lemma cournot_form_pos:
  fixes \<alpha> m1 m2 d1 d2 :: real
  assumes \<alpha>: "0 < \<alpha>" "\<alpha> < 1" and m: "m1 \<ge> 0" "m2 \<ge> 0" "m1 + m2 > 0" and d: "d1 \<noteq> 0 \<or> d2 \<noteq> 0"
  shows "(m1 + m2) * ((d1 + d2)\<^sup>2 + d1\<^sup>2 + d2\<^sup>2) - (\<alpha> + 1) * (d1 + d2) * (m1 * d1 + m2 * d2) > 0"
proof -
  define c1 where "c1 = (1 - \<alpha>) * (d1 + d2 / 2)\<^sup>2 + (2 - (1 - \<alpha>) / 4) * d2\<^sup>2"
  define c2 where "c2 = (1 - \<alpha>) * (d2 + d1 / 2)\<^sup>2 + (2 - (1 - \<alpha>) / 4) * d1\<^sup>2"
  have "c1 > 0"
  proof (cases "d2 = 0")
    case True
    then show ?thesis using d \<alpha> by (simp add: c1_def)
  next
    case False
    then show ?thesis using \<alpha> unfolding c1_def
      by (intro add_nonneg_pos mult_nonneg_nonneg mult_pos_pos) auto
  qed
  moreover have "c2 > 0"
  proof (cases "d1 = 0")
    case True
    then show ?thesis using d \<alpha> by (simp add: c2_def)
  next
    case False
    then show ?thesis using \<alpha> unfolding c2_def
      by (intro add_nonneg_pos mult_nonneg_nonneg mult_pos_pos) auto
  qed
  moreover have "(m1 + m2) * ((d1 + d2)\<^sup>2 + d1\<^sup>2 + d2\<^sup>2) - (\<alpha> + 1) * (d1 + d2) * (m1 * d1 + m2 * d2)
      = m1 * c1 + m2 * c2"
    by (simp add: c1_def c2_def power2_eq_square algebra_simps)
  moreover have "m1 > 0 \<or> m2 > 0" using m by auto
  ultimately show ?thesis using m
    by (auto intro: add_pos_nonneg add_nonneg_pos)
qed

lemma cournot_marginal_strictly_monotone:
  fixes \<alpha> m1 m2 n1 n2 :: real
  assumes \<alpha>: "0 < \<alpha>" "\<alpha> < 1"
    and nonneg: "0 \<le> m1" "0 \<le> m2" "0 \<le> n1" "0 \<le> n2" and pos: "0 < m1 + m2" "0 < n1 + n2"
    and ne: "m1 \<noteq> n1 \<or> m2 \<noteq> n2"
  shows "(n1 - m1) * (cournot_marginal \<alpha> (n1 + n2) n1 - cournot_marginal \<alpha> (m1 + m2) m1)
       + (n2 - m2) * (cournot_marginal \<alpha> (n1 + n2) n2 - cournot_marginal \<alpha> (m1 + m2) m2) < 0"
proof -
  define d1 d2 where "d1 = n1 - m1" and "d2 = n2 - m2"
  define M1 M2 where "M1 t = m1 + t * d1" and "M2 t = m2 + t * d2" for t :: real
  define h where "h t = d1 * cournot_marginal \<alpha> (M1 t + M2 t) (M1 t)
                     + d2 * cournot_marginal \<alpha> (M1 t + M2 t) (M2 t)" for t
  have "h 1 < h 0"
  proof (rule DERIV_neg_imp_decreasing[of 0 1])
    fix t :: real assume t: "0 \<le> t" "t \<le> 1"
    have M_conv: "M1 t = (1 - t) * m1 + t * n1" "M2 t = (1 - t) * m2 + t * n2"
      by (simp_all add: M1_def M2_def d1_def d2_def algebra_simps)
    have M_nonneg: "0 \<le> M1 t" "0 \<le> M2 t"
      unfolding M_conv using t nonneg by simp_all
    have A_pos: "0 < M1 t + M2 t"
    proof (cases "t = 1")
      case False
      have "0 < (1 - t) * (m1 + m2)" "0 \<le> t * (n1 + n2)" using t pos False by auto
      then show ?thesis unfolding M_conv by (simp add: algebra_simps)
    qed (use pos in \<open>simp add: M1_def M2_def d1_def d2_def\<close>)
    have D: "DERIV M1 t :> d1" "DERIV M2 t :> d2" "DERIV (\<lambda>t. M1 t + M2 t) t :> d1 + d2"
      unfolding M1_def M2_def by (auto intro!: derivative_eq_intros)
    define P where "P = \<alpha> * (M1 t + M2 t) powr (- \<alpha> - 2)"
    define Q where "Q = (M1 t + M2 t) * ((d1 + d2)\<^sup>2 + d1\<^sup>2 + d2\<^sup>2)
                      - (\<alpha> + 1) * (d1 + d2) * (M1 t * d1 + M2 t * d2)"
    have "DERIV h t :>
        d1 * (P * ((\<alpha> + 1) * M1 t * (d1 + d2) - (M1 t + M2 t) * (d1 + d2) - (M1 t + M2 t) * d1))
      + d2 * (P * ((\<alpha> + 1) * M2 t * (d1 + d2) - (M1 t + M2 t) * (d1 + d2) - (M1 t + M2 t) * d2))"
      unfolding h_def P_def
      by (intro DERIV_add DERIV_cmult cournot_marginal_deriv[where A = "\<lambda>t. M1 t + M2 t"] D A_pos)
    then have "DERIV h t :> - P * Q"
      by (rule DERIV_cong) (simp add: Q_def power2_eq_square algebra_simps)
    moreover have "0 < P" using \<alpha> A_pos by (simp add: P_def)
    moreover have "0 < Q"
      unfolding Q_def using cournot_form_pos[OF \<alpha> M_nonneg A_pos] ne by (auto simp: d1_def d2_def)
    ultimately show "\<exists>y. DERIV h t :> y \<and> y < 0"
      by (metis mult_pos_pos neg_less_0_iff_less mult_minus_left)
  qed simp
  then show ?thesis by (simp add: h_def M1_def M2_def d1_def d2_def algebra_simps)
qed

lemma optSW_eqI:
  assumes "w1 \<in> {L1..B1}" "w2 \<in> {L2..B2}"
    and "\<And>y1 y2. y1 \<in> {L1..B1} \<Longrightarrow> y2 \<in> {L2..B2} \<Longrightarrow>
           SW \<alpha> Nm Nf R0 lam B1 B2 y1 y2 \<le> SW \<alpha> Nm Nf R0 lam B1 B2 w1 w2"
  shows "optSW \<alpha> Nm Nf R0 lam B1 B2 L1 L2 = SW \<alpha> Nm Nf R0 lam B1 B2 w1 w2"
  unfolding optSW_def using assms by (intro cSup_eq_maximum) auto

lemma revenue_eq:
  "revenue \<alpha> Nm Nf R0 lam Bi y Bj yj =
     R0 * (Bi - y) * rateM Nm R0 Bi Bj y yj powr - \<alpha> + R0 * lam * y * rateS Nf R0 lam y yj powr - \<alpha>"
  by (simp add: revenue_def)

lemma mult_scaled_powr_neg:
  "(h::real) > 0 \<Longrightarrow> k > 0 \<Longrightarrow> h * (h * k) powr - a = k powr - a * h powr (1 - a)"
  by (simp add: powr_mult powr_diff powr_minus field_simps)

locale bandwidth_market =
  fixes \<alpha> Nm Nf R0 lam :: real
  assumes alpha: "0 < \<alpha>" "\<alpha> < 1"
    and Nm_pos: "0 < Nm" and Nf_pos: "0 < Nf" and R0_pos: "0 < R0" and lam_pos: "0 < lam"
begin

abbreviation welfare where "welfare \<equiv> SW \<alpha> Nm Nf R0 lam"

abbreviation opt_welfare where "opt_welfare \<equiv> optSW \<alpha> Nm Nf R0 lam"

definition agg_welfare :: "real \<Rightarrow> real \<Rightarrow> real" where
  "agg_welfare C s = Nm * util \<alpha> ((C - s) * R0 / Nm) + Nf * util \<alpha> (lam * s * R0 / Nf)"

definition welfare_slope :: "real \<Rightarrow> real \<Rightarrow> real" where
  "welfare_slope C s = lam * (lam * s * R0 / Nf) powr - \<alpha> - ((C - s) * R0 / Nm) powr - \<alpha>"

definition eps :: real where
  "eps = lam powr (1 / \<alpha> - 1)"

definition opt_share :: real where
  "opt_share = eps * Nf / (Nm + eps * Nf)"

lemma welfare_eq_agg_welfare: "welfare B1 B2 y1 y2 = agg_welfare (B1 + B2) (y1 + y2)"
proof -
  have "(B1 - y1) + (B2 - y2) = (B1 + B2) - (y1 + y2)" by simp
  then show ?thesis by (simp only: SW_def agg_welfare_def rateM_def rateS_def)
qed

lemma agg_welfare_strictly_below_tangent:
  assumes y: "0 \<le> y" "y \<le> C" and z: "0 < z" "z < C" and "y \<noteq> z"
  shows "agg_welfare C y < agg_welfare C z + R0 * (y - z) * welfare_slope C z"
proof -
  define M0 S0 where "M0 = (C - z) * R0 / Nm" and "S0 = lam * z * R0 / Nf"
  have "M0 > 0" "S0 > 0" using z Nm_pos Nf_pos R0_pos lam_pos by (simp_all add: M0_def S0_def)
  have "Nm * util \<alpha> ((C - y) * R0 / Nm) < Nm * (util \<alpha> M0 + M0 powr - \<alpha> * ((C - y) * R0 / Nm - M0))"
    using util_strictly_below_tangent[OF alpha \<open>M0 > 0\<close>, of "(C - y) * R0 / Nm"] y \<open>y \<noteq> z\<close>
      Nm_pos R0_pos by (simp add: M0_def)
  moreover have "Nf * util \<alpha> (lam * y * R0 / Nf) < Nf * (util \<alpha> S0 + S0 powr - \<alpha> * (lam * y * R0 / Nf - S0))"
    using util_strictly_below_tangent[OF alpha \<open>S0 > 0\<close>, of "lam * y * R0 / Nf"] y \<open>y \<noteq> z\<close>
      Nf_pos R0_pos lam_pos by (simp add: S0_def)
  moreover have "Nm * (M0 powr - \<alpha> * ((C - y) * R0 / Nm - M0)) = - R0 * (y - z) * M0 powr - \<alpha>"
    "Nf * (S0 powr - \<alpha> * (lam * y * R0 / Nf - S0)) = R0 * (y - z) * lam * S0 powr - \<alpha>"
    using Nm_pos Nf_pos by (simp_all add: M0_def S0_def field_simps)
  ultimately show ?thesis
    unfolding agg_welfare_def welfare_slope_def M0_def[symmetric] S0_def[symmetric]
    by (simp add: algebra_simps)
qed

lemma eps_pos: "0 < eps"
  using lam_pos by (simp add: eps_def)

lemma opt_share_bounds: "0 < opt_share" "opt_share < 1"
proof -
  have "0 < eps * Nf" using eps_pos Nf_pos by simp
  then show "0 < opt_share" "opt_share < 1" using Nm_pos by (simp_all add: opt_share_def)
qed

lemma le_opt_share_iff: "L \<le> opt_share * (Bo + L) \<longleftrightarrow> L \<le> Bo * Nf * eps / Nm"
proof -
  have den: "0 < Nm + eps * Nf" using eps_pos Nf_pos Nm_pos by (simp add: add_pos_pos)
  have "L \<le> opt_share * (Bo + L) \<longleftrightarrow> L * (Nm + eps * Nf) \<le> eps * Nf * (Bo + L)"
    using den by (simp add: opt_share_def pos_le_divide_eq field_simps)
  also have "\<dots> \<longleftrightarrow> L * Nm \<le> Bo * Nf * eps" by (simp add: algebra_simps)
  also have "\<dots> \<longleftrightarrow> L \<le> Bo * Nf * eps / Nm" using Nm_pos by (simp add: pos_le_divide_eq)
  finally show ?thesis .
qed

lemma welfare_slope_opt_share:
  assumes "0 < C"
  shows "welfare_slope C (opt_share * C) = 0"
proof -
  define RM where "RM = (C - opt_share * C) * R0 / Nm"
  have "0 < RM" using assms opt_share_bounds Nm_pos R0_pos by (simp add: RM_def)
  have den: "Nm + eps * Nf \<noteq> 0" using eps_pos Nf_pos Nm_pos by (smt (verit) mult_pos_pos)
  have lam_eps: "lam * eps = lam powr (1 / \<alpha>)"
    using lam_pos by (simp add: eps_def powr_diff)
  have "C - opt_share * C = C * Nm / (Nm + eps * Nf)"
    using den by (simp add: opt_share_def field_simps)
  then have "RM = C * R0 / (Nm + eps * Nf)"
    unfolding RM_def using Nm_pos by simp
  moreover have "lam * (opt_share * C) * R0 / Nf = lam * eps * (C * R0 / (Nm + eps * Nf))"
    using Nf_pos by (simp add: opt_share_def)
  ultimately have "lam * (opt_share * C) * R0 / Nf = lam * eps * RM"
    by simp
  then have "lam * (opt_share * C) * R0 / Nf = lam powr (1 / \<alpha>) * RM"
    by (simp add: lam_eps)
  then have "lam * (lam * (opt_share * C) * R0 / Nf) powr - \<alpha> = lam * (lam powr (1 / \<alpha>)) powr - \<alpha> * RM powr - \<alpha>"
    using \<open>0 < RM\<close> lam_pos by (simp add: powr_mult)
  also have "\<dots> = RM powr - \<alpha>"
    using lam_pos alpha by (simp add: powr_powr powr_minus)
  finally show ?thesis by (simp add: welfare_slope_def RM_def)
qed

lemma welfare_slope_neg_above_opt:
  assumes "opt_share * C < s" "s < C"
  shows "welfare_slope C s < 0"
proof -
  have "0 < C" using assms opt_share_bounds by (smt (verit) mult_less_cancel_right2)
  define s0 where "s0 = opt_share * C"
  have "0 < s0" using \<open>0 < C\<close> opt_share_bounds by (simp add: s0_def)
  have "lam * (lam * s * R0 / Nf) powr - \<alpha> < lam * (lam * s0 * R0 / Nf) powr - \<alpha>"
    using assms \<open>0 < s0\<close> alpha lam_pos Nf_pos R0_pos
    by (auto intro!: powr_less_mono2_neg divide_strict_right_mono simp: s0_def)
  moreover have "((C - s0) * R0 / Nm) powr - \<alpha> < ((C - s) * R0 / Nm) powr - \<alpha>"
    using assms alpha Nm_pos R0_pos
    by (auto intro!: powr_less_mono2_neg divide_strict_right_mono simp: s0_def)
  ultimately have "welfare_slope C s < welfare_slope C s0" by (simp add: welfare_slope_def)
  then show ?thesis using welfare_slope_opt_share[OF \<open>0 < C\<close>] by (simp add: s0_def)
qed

============================================================

Of the lines above, copy each that contains "open".

Result of this exercise:
    qed (use pos in \<open>simp add: M1_def M2_def d1_def d2_def\<close>)
    using util_strictly_below_tangent[OF alpha \<open>M0 > 0\<close>, of "(C - y) * R0 / Nm"] y \<open>y \<noteq> z\<close>
    using util_strictly_below_tangent[OF alpha \<open>S0 > 0\<close>, of "lam * y * R0 / Nf"] y \<open>y \<noteq> z\<close>
    using \<open>0 < RM\<close> lam_pos by (simp add: powr_mult)
  have "0 < s0" using \<open>0 < C\<close> opt_share_bounds by (simp add: s0_def)
    using assms \<open>0 < s0\<close> alpha lam_pos Nf_pos R0_pos
  then show ?thesis using welfare_slope_opt_share[OF \<open>0 < C\<close>] by (simp add: s0_def)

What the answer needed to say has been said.